[Opening SUPPLIED MATERIAL section]

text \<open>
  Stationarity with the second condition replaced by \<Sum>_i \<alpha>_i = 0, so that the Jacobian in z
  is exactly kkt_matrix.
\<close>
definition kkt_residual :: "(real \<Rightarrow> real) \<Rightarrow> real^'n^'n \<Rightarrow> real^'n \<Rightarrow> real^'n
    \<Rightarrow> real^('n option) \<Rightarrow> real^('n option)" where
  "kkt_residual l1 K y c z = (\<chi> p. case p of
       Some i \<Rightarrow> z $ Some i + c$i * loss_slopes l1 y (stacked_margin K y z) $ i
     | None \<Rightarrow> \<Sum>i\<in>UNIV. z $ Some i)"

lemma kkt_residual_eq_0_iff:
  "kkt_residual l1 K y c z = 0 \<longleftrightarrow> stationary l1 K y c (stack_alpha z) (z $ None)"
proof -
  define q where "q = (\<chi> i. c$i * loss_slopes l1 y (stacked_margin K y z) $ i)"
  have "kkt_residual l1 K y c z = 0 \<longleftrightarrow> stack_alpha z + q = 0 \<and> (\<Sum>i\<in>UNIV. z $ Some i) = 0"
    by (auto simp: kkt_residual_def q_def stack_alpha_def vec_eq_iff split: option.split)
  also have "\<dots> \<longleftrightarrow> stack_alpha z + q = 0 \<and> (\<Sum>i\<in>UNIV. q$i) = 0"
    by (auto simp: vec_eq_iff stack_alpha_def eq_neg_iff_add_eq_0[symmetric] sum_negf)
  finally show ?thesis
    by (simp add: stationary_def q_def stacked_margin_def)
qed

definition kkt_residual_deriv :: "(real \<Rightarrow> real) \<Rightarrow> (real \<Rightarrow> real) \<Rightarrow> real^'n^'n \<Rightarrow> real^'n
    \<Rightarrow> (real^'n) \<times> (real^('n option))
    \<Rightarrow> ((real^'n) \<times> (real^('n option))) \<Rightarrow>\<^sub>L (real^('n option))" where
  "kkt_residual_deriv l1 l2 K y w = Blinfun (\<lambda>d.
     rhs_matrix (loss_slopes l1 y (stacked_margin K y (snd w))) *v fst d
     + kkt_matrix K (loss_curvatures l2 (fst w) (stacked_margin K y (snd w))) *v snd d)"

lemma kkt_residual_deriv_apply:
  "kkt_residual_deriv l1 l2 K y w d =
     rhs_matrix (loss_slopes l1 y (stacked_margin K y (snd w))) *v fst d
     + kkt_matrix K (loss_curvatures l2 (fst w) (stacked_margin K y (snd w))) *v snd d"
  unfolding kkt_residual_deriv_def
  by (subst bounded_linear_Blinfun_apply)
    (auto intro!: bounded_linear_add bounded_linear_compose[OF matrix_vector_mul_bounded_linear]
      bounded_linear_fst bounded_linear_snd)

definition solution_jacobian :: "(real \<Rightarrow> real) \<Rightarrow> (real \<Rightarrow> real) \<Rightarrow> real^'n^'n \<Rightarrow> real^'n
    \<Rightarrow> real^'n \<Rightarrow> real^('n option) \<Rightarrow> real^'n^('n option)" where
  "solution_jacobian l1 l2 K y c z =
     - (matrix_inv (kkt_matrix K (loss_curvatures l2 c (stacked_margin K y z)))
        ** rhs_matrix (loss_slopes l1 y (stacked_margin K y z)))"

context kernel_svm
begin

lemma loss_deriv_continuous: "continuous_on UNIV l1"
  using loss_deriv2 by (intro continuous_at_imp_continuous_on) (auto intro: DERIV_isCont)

[Closing SUPPLIED MATERIAL section]
[Opening SUPPLIED MATERIAL section]

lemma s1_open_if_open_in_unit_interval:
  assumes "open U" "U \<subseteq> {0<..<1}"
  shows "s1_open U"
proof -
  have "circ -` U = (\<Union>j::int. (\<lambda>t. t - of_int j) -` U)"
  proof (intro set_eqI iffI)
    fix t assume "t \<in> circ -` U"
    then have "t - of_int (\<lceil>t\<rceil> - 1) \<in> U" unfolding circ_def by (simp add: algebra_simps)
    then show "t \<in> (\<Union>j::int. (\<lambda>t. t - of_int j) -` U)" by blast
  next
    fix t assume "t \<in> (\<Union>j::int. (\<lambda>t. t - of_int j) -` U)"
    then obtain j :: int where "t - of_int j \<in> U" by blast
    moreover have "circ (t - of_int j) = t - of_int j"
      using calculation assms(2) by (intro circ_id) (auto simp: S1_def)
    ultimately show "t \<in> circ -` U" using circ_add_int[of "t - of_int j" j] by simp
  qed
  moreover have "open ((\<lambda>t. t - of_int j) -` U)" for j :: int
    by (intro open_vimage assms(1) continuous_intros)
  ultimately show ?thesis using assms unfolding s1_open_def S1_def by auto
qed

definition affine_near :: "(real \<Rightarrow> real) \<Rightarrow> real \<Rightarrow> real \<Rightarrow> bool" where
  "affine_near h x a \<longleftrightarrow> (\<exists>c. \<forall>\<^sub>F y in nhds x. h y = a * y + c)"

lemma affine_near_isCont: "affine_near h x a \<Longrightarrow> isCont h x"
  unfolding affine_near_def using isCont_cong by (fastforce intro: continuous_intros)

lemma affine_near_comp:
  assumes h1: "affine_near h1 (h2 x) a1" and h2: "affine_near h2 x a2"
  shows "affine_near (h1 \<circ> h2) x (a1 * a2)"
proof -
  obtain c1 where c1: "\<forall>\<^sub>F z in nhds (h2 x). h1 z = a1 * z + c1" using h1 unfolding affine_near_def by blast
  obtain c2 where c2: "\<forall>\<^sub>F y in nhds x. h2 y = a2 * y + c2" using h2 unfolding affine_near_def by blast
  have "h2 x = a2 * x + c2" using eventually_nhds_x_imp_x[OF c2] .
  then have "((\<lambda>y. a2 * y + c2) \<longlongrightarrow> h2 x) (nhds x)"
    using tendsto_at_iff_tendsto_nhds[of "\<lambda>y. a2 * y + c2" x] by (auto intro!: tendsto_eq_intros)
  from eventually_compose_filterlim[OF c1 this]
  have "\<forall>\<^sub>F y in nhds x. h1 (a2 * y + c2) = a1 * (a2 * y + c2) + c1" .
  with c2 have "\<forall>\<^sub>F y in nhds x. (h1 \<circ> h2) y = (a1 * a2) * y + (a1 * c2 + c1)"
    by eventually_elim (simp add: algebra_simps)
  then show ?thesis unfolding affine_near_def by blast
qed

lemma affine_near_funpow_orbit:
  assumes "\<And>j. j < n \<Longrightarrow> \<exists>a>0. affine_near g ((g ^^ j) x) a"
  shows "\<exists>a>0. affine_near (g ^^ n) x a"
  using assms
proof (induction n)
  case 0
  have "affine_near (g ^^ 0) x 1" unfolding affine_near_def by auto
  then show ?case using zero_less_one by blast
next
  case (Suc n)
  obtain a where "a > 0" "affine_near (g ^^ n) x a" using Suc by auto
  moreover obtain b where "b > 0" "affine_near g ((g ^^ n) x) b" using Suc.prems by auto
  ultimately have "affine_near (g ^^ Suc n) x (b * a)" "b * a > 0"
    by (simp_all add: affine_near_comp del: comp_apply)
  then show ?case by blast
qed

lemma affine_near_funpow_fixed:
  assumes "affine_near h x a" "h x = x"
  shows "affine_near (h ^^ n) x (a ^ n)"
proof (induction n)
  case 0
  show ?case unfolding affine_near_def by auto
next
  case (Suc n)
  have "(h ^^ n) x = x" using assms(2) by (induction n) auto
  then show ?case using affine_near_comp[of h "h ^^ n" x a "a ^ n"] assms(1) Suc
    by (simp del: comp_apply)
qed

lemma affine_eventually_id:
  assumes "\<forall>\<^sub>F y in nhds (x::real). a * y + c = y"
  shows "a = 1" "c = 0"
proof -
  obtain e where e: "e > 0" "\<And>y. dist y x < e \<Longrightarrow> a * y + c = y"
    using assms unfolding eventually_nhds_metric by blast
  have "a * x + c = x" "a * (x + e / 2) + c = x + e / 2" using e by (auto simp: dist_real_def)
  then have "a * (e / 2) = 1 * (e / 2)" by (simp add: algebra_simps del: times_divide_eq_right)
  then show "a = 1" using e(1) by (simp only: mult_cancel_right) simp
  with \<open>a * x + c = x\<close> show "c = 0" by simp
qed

[Closing SUPPLIED MATERIAL section]

→ **YOUR OBJECTIVE**
Would you print, exactly as written, every line above from the one holding "text \<open>" through the one holding "by (auto simp: kkt_residual_def", with both included and no other lines?

→ **EXERCISE ANSWER**
text \<open>
  Stationarity with the second condition replaced by \<Sum>_i \<alpha>_i = 0, so that the Jacobian in z
  is exactly kkt_matrix.
\<close>
definition kkt_residual :: "(real \<Rightarrow> real) \<Rightarrow> real^'n^'n \<Rightarrow> real^'n \<Rightarrow> real^'n
    \<Rightarrow> real^('n option) \<Rightarrow> real^('n option)" where
  "kkt_residual l1 K y c z = (\<chi> p. case p of
       Some i \<Rightarrow> z $ Some i + c$i * loss_slopes l1 y (stacked_margin K y z) $ i
     | None \<Rightarrow> \<Sum>i\<in>UNIV. z $ Some i)"

lemma kkt_residual_eq_0_iff:
  "kkt_residual l1 K y c z = 0 \<longleftrightarrow> stationary l1 K y c (stack_alpha z) (z $ None)"
proof -
  define q where "q = (\<chi> i. c$i * loss_slopes l1 y (stacked_margin K y z) $ i)"
  have "kkt_residual l1 K y c z = 0 \<longleftrightarrow> stack_alpha z + q = 0 \<and> (\<Sum>i\<in>UNIV. z $ Some i) = 0"
    by (auto simp: kkt_residual_def q_def stack_alpha_def vec_eq_iff split: option.split)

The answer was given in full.